▸ DATASET ENTRIES

——

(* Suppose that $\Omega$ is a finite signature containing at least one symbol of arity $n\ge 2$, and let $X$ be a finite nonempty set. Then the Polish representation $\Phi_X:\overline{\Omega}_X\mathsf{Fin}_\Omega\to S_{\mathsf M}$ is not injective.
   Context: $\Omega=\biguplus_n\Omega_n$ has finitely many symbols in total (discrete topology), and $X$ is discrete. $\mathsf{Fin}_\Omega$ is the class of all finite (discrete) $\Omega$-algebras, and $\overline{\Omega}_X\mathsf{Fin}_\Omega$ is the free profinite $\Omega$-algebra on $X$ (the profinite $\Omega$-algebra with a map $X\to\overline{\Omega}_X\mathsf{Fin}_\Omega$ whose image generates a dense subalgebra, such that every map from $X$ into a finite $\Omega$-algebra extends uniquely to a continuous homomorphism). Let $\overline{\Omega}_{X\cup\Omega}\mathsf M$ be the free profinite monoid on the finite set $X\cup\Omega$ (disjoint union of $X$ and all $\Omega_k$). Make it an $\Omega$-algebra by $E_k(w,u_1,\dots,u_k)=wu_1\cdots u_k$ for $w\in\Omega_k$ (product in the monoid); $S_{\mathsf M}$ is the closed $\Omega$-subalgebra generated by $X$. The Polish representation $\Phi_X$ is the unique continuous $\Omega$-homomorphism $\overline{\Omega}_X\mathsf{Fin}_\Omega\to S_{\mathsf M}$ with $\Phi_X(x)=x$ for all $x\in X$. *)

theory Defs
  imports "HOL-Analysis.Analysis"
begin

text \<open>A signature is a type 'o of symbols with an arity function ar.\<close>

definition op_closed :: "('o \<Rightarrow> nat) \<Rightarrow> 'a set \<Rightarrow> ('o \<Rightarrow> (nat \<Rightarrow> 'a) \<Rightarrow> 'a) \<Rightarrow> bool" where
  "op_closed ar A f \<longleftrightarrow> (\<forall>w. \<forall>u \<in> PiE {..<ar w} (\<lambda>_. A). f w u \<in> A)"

——

Each line from the one containing "text \<open>A signature" through the last line of the material must be restated word for word, with no other text.

▸ ANSWER SPACE
text \<open>A signature is a type 'o of symbols with an arity function ar.\<close>

definition op_closed :: "('o \<Rightarrow> nat) \<Rightarrow> 'a set \<Rightarrow> ('o \<Rightarrow> (nat \<Rightarrow> 'a) \<Rightarrow> 'a) \<Rightarrow> bool" where
  "op_closed ar A f \<longleftrightarrow> (\<forall>w. \<forall>u \<in> PiE {..<ar w} (\<lambda>_. A). f w u \<in> A)"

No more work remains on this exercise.